Alongside Egypt’s legislative system, Egypt’s judicial system enables systematic torture. The Public Prosecution, particularly the High State Security Prosecution, colludes in covering up torture and protecting perpetrators. The joint report on torture documents cases in which defendants reported torture to the prosecutor, and the prosecutor ignored or failed to investigate the allegations.[3] Courts disregard defendants’ allegations of torture used to extract confessions; and sentence to defendants to prison or even to death on the basis of confessions coerced under torture. In this respect, the report’s findings are similar to those of  with the United Nations’ Report of the Committee Against Torture:

“Torture appears to occur particularly frequently following arbitrary arrests and is often carried out to obtain a confession or to punish and threaten political dissenters. Torture occurs in police stations, prisons, State security facilities, and Central Security Forces facilities. Torture is perpetrated by police officers, military officers, National Security officers and prison guards. However, prosecutors, judges and prison officials also facilitate torture by failing to curb practices of torture, arbitrary detention and ill-treatment or to act on complaints. Many documented incidents occurred in greater Cairo, but cases have also been reported throughout the country. Perpetrators of torture almost universally enjoy impunity, although Egyptian law prohibits and creates accountability mechanisms for torture and related practices, demonstrating a serious dissonance between law and practice. In the view of the Committee, all the above lead to the inescapable conclusion that torture is a systematic practice in Egypt.”

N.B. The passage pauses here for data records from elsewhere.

lemma R_contractive_MK_funpow_dist_tendsto_0:
  assumes mk: "R_contractive_MK R T" and pres: "R_preserving R T" and uv: "R u v"
  shows "(\<lambda>n. dist ((T ^^ n) u) ((T ^^ n) v)) \<longlonglongrightarrow> 0"
proof -
  define a where "a n = dist ((T ^^ n) u) ((T ^^ n) v)" for n
  have dec: "decseq a"
    unfolding decseq_Suc_iff a_def
    using R_contractive_MK_dist_le[OF mk R_preserving_funpow[OF pres uv]] by simp
  have bdd: "bdd_below (range a)" unfolding a_def by (intro bdd_belowI[of _ 0]) auto
  define L where "L = (INF n. a n)"
  have lim: "a \<longlonglongrightarrow> L" unfolding L_def by (rule LIMSEQ_decseq_INF[OF bdd dec])
  have L_le: "L \<le> a n" for n unfolding L_def by (rule cINF_lower[OF bdd]) simp
  have "L \<ge> 0" unfolding L_def a_def by (rule cINF_greatest) auto
  have "L = 0"
  proof (rule ccontr)
    assume "L \<noteq> 0"
    with \<open>L \<ge> 0\<close> have "L > 0" by simp
    then obtain \<delta> where "\<delta> > 0" and \<delta>: "\<forall>x y. R x y \<and> L \<le> dist x y \<and> dist x y < L + \<delta>
        \<longrightarrow> dist (T x) (T y) < L"
      using mk unfolding R_contractive_MK_def by blast
    have "eventually (\<lambda>n. a n < L + \<delta>) sequentially"
      using lim \<open>\<delta> > 0\<close> by (intro order_tendstoD(2)) auto
    then obtain n where "a n < L + \<delta>" by (auto simp: eventually_sequentially)
    then have "dist (T ((T ^^ n) u)) (T ((T ^^ n) v)) < L"
      using \<delta> R_preserving_funpow[OF pres uv, of n] L_le[of n] unfolding a_def by blast
    then have "a (Suc n) < L" unfolding a_def by simp
    with L_le[of "Suc n"] show False by simp
  qed
  with lim show ?thesis unfolding a_def by simp
qed

lemma funpow_fixed_point:
  assumes "T p = p"
  shows "(T ^^ n) p = p"
  using assms by (induction n) auto

lemma N_transitive_jump:
  assumes "N_transitive N R" and step: "\<And>n. R (x n) (x (Suc n))"
  shows "R (x m) (x (m + 1 + k * N))"
proof (induction k)
  case 0
  show ?case using step[of m] by simp
next
  case (Suc k)
  define z where "z i = (if i = 0 then x m else x (m + k * N + i))" for i
  have "R (z i) (z (Suc i))" for i
    using Suc step[of "m + k * N + i"] by (simp add: z_def)
  then have "R (z 0) (z (Suc N))" using assms(1) unfolding N_transitive_def by blast
  then show ?case by (simp add: z_def algebra_simps)
qed

lemma dist_le_mult_if_steps_less:
  assumes "\<And>n. n \<ge> M \<Longrightarrow> dist (x n) (x (Suc n)) < \<eta>" and "m \<ge> M"
  shows "dist (x m) (x (m + j)) \<le> real j * \<eta>"
proof (induction j)
  case (Suc j)
  have "dist (x m) (x (m + Suc j)) \<le> dist (x m) (x (m + j)) + dist (x (m + j)) (x (Suc (m + j)))"
    using dist_triangle by simp
  also have "\<dots> \<le> real j * \<eta> + \<eta>"
    using Suc assms by (intro add_mono) (auto intro: less_imp_le)
  finally show ?case by (simp add: algebra_simps)
qed simp

text \<open>
  By induction on \<open>k\<close>, \<open>d(x\<^sub>m, x\<^bsub>m+1+kN\<^esub>) < \<epsilon> + \<delta>\<close> (one small step, the previous
  bound and \<open>N - 1\<close> small steps); as \<open>x\<^sub>m \<R> x\<^bsub>m+1+kN\<^esub>\<close>, one application of
  \<open>T\<close> brings this distance below \<open>\<epsilon>\<close>: by the Meir--Keeler condition if it is at least \<open>\<epsilon>\<close>, by
  nonexpansiveness otherwise.
\<close>
lemma R_contractive_MK_orbit_jump_dist_lt:
  assumes "N > 0" and Ntr: "N_transitive N R" and mk: "R_contractive_MK R T"
    and orbit: "\<And>n. x (Suc n) = T (x n)" and step: "\<And>n. R (x n) (x (Suc n))"
    and \<delta>: "\<forall>u v. R u v \<and> \<epsilon> \<le> dist u v \<and> dist u v < \<epsilon> + \<delta> \<longrightarrow> dist (T u) (T v) < \<epsilon>"
    and small: "\<And>n. n \<ge> n0 \<Longrightarrow> dist (x n) (x (Suc n)) < \<eta>"
    and "\<epsilon> > 0" and "\<eta> > 0" and N\<eta>: "real N * \<eta> < \<delta>" and "m \<ge> n0"
  shows "dist (x (m + 1)) (x (m + 2 + k * N)) < \<epsilon>"
  using \<open>m \<ge> n0\<close>
proof (induction k arbitrary: m)
  have apply_T: "dist (x (m + 1)) (x (m + 2 + k * N)) < \<epsilon>"
    if "dist (x m) (x (m + 1 + k * N)) < \<epsilon> + \<delta>" for m k
  proof -
    have rel: "R (x m) (x (m + 1 + k * N))" by (rule N_transitive_jump[where x=x, OF Ntr step])
    have "x (m + 1) = T (x m)" "x (m + 2 + k * N) = T (x (m + 1 + k * N))"
      using orbit by (simp_all add: numeral_2_eq_2)
    then show ?thesis
      using \<delta> rel that R_contractive_MK_dist_le[OF mk rel]
      by (cases "\<epsilon> \<le> dist (x m) (x (m + 1 + k * N))") auto
  qed
  {
    case 0
    have "\<eta> \<le> real N * \<eta>" using \<open>N > 0\<close> \<open>\<eta> > 0\<close> by simp
    moreover have "dist (x m) (x (m + 1)) < \<eta>" using small 0 by simp
    ultimately show ?case using apply_T[of m 0] N\<eta> \<open>\<epsilon> > 0\<close> by simp
  next
    case (Suc k)
    have idx: "m + 1 + Suc k * N = (m + 2 + k * N) + (N - 1)" using \<open>N > 0\<close> by simp
    have "dist (x m) (x (m + 1 + Suc k * N))
        \<le> dist (x m) (x (m + 1)) + dist (x (m + 1)) (x (m + 2 + k * N))
          + dist (x (m + 2 + k * N)) (x ((m + 2 + k * N) + (N - 1)))"
      unfolding idx
      using dist_triangle[of "x m" _ "x (m + 1)"] dist_triangle[of "x (m + 1)" _ "x (m + 2 + k * N)"]
      by (smt (verit))
    also have "\<dots> < \<eta> + \<epsilon> + real (N - 1) * \<eta>"
    proof -
      have "n0 \<le> m + 2 + k * N" using Suc.prems by simp
      with small have "dist (x (m + 2 + k * N)) (x ((m + 2 + k * N) + (N - 1))) \<le> real (N - 1) * \<eta>"
        by (rule dist_le_mult_if_steps_less)
      then show ?thesis using small[of m] Suc.IH[OF Suc.prems] Suc.prems by simp
    qed
    also have "\<dots> = \<epsilon> + real N * \<eta>" using \<open>N > 0\<close> by (simp add: of_nat_diff algebra_simps)
    finally show ?case using apply_T[of m "Suc k"] N\<eta> by simp
  }
qed

lemma R_contractive_MK_orbit_Cauchy:
  assumes "N > 0" and Ntr: "N_transitive N R" and mk: "R_contractive_MK R T"
    and orbit: "\<And>n. x (Suc n) = T (x n)" and step: "\<And>n. R (x n) (x (Suc n))"
    and steps_0: "(\<lambda>n. dist (x n) (x (Suc n))) \<longlonglongrightarrow> 0"
  shows "Cauchy x"
proof (rule CauchyI')
  fix e :: real assume "e > 0"
  define \<epsilon> where "\<epsilon> = e / 2"
  have "\<epsilon> > 0" using \<open>e > 0\<close> by (simp add: \<epsilon>_def)
  then obtain \<delta> where "\<delta> > 0" and
    \<delta>: "\<forall>u v. R u v \<and> \<epsilon> \<le> dist u v \<and> dist u v < \<epsilon> + \<delta> \<longrightarrow> dist (T u) (T v) < \<epsilon>"
    using mk unfolding R_contractive_MK_def by blast
  define \<eta> where "\<eta> = min \<delta> \<epsilon> / (real N + 1)"
  have "\<eta> > 0" using \<open>\<delta> > 0\<close> \<open>\<epsilon> > 0\<close> by (simp add: \<eta>_def)
  have N\<eta>: "real N * \<eta> < min \<delta> \<epsilon>"
  proof -
    have "real N * \<eta> = min \<delta> \<epsilon> * (real N / (real N + 1))" by (simp add: \<eta>_def)
    also have "\<dots> < min \<delta> \<epsilon> * 1" using \<open>\<delta> > 0\<close> \<open>\<epsilon> > 0\<close> by (intro mult_strict_left_mono) auto
    finally show ?thesis by simp
  qed
  then have N\<eta>_\<delta>: "real N * \<eta> < \<delta>" and N\<eta>_\<epsilon>: "real N * \<eta> < \<epsilon>" by simp_all
  obtain n0 where small: "\<And>n. n \<ge> n0 \<Longrightarrow> dist (x n) (x (Suc n)) < \<eta>"
    using order_tendstoD(2)[OF steps_0 \<open>\<eta> > 0\<close>] by (auto simp: eventually_sequentially)
  show "\<exists>M. \<forall>m\<ge>M. \<forall>n>m. dist (x m) (x n) < e"
  proof (intro exI[of _ "Suc n0"] allI impI)
    fix m n assume "Suc n0 \<le> m" and "m < n"
    then obtain m' where m': "m = m' + 1" "m' \<ge> n0" by (metis Suc_eq_plus1 Suc_le_D Suc_le_mono)
    define k where "k = (n - m - 1) div N"
    define r where "r = (n - m - 1) mod N"
    have "k * N + r = n - m - 1" unfolding k_def r_def by (rule div_mult_mod_eq)
    then have n: "n = (m' + 2 + k * N) + r" using \<open>m < n\<close> m'(1) by arith
    have "r < N" using \<open>N > 0\<close> unfolding r_def by simp
    have jump: "dist (x (m' + 1)) (x (m' + 2 + k * N)) < \<epsilon>"
      by (rule R_contractive_MK_orbit_jump_dist_lt[where x=x and R=R and T=T and \<delta>=\<delta>,
          OF \<open>N > 0\<close> Ntr mk orbit step \<delta> small \<open>\<epsilon> > 0\<close> \<open>\<eta> > 0\<close> N\<eta>_\<delta> m'(2)])
    have "n0 \<le> m' + 2 + k * N" using m'(2) by simp
    with small have rest: "dist (x (m' + 2 + k * N)) (x n) \<le> real r * \<eta>"
      unfolding n by (rule dist_le_mult_if_steps_less)
    have "dist (x m) (x n) \<le> dist (x (m' + 1)) (x (m' + 2 + k * N)) + dist (x (m' + 2 + k * N)) (x n)"
      using dist_triangle m'(1) by simp
    also have "\<dots> < \<epsilon> + real r * \<eta>" using jump rest by simp
    also have "\<dots> \<le> \<epsilon> + real N * \<eta>" using \<open>r < N\<close> \<open>\<eta> > 0\<close> by simp
    finally show "dist (x m) (x n) < e" using N\<eta>_\<epsilon> unfolding \<epsilon>_def by linarith
  qed
qed

lemma TR_regular_orbit_limit_fixed:
  assumes mk: "R_contractive_MK R T" and reg: "TR_regular R T"
    and orb: "orbital R T x" and lim: "x \<longlonglongrightarrow> l"
  shows "T l = l"
proof -
  obtain r :: "nat \<Rightarrow> nat" where r: "strict_mono r" "\<And>k. R (x (r k)) l"
    using reg orb lim unfolding TR_regular_def by blast
  have orbit: "x (Suc n) = T (x n)" for n
    using orb unfolding orbital_def by (metis funpow.simps(2) o_apply)
  have sub: "(\<lambda>k. x (r k)) \<longlonglongrightarrow> l"
    using LIMSEQ_subseq_LIMSEQ[OF lim r(1)] by (simp add: comp_def)
  have "(\<lambda>k. dist (x (Suc (r k))) (T l)) \<longlonglongrightarrow> 0"
  proof (rule Lim_null_comparison)
    show "\<forall>\<^sub>F k in sequentially. norm (dist (x (Suc (r k))) (T l)) \<le> dist (x (r k)) l"
      using R_contractive_MK_dist_le[OF mk r(2)] by (simp add: orbit)
    show "(\<lambda>k. dist (x (r k)) l) \<longlonglongrightarrow> 0" using sub by (rule tendsto_dist_iff[THEN iffD1])
  qed
  then have "(\<lambda>k. x (Suc (r k))) \<longlonglongrightarrow> T l" by (rule tendsto_dist_iff[THEN iffD2])
  moreover have "(\<lambda>k. x (Suc (r k))) \<longlonglongrightarrow> l"
    using LIMSEQ_subseq_LIMSEQ[OF LIMSEQ_Suc[OF lim] r(1)] by (simp add: comp_def)
  ultimately show ?thesis by (rule LIMSEQ_unique)
qed

lemma continuous_orbit_limit_fixed:
  fixes T :: "'a::metric_space \<Rightarrow> 'a"
  assumes "continuous_on UNIV T" and orbit: "\<And>n. x (Suc n) = T (x n)" and lim: "x \<longlonglongrightarrow> l"
  shows "T l = l"
proof -
  have "(\<lambda>n. T (x n)) \<longlonglongrightarrow> T l"
    by (rule continuous_on_tendsto_compose[OF assms(1) lim]) auto
  then have "(\<lambda>n. x (Suc n)) \<longlonglongrightarrow> T l" by (simp add: orbit)
  then show ?thesis using LIMSEQ_Suc[OF lim] by (rule LIMSEQ_unique)
qed

lemma R_chain_funpow_dist_tendsto_0:
  assumes mk: "R_contractive_MK R T" and pres: "R_preserving R T" and "R_chain R y w"
  shows "(\<lambda>k. dist ((T ^^ k) y) ((T ^^ k) w)) \<longlonglongrightarrow> 0"
proof -
  obtain z :: "nat \<Rightarrow> 'a" and n where z: "z 0 = y" "z n = w"
    and link: "\<forall>i\<in>{1..n}. R (z (i - 1)) (z i) \<or> R (z i) (z (i - 1))"
    using assms(3) unfolding R_chain_def by blast
  define D where "D k i = dist ((T ^^ k) (z i)) ((T ^^ k) (z (Suc i)))" for k i
  have "(\<lambda>k. D k i) \<longlonglongrightarrow> 0" if "i < n" for i
  proof -
    have "R (z i) (z (Suc i)) \<or> R (z (Suc i)) (z i)" using link[rule_format, of "Suc i"] that by simp
    then show ?thesis
    proof
      assume "R (z (Suc i)) (z i)"
      from R_contractive_MK_funpow_dist_tendsto_0[OF mk pres this] show ?thesis
        by (simp add: D_def dist_commute)
    qed (simp add: D_def R_contractive_MK_funpow_dist_tendsto_0[OF mk pres])
  qed
  then have sum_0: "(\<lambda>k. \<Sum>i<n. D k i) \<longlonglongrightarrow> 0" by (intro tendsto_null_sum) auto
  have chain_le: "dist ((T ^^ k) (z 0)) ((T ^^ k) (z j)) \<le> (\<Sum>i<j. D k i)" for k j
  proof (induction j)
    case (Suc j)
    then show ?case
      using dist_triangle[of "(T ^^ k) (z 0)" "(T ^^ k) (z (Suc j))" "(T ^^ k) (z j)"] by (simp add: D_def)
  qed simp
  have "norm (dist ((T ^^ k) y) ((T ^^ k) w)) \<le> (\<Sum>i<n. D k i)" for k
    using chain_le[of k n] by (simp add: z)
  then show ?thesis by (rule Lim_null_comparison[OF always_eventually[OF allI] sum_0])
qed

The rampant proliferation of torture and its transformation into state policy has normalized the crime in Egypt; altering victims’ perceptions of its severity. Many no longer consider kicking, slapping, threats, and psychological harm to be torture; only electroshocks, whipping, or brutal assault or violence causing substantial harm or major disability are considered torture.

In this context, the report addresses the numerous types of torture inflicted upon detainees, particularly persons charged in political cases. These include enforced disappearance and incommunicado detention, and filmed confessions coerced by torture, duress or  threat, which are then used as propaganda films produced by the military or Interior Ministry.[4]

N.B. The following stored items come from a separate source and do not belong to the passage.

(* Let $T\in\mathcal{B}(\mathbb{C}^d)$ be power bounded. Then the limit $A_{T,C}:=\lim_{n\to\infty}\frac1n\sum_{j=1}^nT^{*j}T^j$ exists (in norm), and $A_{T,L}=A_{T,C}$ for every Banach limit $L$. Conversely, if the sequence $\frac1n\sum_{j=1}^nT^{*j}T^j$ converges for a matrix $T$, then $T$ is power bounded.
   Context: $T$ is power bounded if $\sup_n\|T^n\|<\infty$. A Banach limit is a linear functional $L$ on $\ell^\infty(\mathbb{N})$, written $\operatorname{L-lim}$, with $\|L\|=1$, agreeing with the ordinary limit on convergent sequences, positive, and shift-invariant ($\operatorname{L-lim}x_n=\operatorname{L-lim}x_{n+1}$). For power bounded $T$, $A_{T,L}$ is the positive operator with $\langle A_{T,L}x,y\rangle=\operatorname{L-lim}_n\langle T^{*n}T^nx,y\rangle$. *)

theory Defs
  imports "HOL-Analysis.Analysis"
begin

text \<open>Operators on C^d are d x d complex matrices, with the index type 'n finite (d = CARD('n)).\<close>

primrec matpow :: "'a::comm_ring_1 ^'n^'n \<Rightarrow> nat \<Rightarrow> 'a ^'n^'n" where
  "matpow T 0 = mat 1"
| "matpow T (Suc k) = T ** matpow T k"

definition adj :: "complex ^'n^'m \<Rightarrow> complex ^'m^'n" where
  "adj T = (\<chi> i j. cnj (T $ j $ i))"

definition cinner :: "complex ^'n \<Rightarrow> complex ^'n \<Rightarrow> complex" where
  "cinner x y = (\<Sum>i\<in>UNIV. x $ i * cnj (y $ i))"

definition power_bounded :: "complex ^'n^'n \<Rightarrow> bool" where
  "power_bounded T \<longleftrightarrow> bdd_above (range (\<lambda>k. onorm (\<lambda>x. matpow T k *v x)))"

definition cesaro :: "complex ^'n^'n \<Rightarrow> nat \<Rightarrow> complex ^'n^'n" where
  "cesaro T n = (1 / of_nat n) *\<^sub>R (\<Sum>j=1..n. adj (matpow T j) ** matpow T j)"

text \<open>Banach limits on the complex space l^\<infinity>(N); L is only constrained on bounded sequences.\<close>
definition banach_limit :: "((nat \<Rightarrow> complex) \<Rightarrow> complex) \<Rightarrow> bool" where
  "banach_limit L \<longleftrightarrow>
     (\<forall>x y a b. bounded (range x) \<longrightarrow> bounded (range y) \<longrightarrow>
         L (\<lambda>n. a * x n + b * y n) = a * L x + b * L y)
   \<and> (\<forall>x. bounded (range x) \<longrightarrow> norm (L x) \<le> (SUP n. norm (x n)))
   \<and> (\<exists>x. bounded (range x) \<and> (SUP n. norm (x n)) \<le> 1 \<and> norm (L x) = 1)
   \<and> (\<forall>x. convergent x \<longrightarrow> L x = lim x)
   \<and> (\<forall>x. bounded (range x) \<longrightarrow> (\<forall>n. x n \<in> \<real> \<and> 0 \<le> Re (x n)) \<longrightarrow> L x \<in> \<real> \<and> 0 \<le> Re (L x))
   \<and> (\<forall>x. bounded (range x) \<longrightarrow> L (\<lambda>n. x (Suc n)) = L x)"

end

theory Submission
  imports Defs
begin

text \<open>
  Let Phi X = T* X T, so that T*^n T^n = Phi^n I and the averages in the statement are the
  Cesaro means of the orbit of I under Phi. If T is power bounded, Phi has bounded orbits on
  the finite-dimensional space of matrices, and the mean ergodic argument splits
  I = A + (Phi W - W) with Phi A = A. Hence Phi^n I = A + (Phi^(n+1) W - Phi^n W): the means
  converge to A, and a Banach limit, being shift invariant, kills the bounded telescoping part.

  Conversely, if the means converge to A then Phi A = A, so Q y = Re <A y, y> is T-invariant.
  The quadratic forms of the means converge to Q uniformly on the unit sphere, so for some m
  the average of |T^j y|^2 over 1 <= j <= m is at most |y|^2/2 + Q y. Along any orbit the
  squared norm therefore falls to at most half its value plus Q x within every m steps,
  which bounds it by a multiple of |x|^2.
\<close>

section \<open>Cesaro means of a linear map\<close>

lemma linear_funpow:
  fixes \<Phi> :: "'v::real_vector \<Rightarrow> 'v"
  assumes "linear \<Phi>"
  shows "linear (\<Phi> ^^ n)"
proof (induction n)
  case 0
  show ?case by (simp add: linear_id[unfolded id_def])
next
  case (Suc n)
  then show ?case by (metis funpow.simps(2) linear_compose assms)
qed

lemma scaleR_one_over_n_tendsto_zero:
  fixes s :: "nat \<Rightarrow> 'a::real_normed_vector"
  assumes "bounded (range s)"
  shows "(\<lambda>n. (1 / real n) *\<^sub>R s n) \<longlonglongrightarrow> 0"
proof -
  have "Zfun (\<lambda>n. 1 / real n) sequentially"
    using tendsto_Zfun_iff[THEN iffD1, OF lim_1_over_n[where 'a=real]] by (simp only: diff_zero)
  moreover have "Bfun s sequentially"
    using assms by (simp only: Bseq_eq_bounded)
  ultimately have "Zfun (\<lambda>n. (1 / real n) *\<^sub>R s n) sequentially"
    by (rule bounded_bilinear.Zfun_prod_Bfun[OF bounded_bilinear_scaleR])
  then show ?thesis
    by (simp only: tendsto_Zfun_iff diff_zero)
qed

Egypt’s upcoming UPR may be the final opportunity to implement the report’s recommendations to counteract torture. These include pressuring the Egyptian government to allow UN experts—particularly the UN special rapporteur on torture and the special rapporteur on counterterrorism and human rights—to visit Egypt, as well as to permit the International Committee of the Red Cross and relevant national and international NGOs to visit and inspect detention sites. The Egyptian government should also create a national preventive mechanism composed of independent rights organizations authorized to make unannounced visits to detention sites to ensure that torture is not being practiced.

At the same time, the UN and the international community should pressure Egypt to ratify the Optional Protocol to the UN Convention Against Torture and join the International Convention on the Protection of All Persons from Enforced Disappearance.


[1] Some of those who have given statements refuse to reveal their identities in fear of reprisals that could bring additional torture or more severe detention conditions.

[2] The NGOs are: Committee for Justice, Cairo Institute for Human Rights Studies (CIHRS), DIGNITY – Danish Institute Against Torture, El Nadeem Center for the Rehabilitation of Victims of Violence (El Nadeem), Egyptian Commission for Rights and Freedoms – Europe (ECRF - Europe). And due to reprisals and threats faced by human rights defenders on a daily basis in Egypt, Another NGO contributing to this report opted to remain anonymous. The group is henceforth referred as the Coalition.

[3] At best, persons alleging torture are referred to a forensic examiner long after their torture to ensure that no physical traces remain

[4] One of many examples is the recent one of a group of students and foreign tourists  arrested in central Cairo. Egyptian media aired videos of them confessing under duress to taking part in an international conspiracy to foment chaos in Egypt. The falsity of these claims was proven days later, and they were released and allowed to return to their home countries.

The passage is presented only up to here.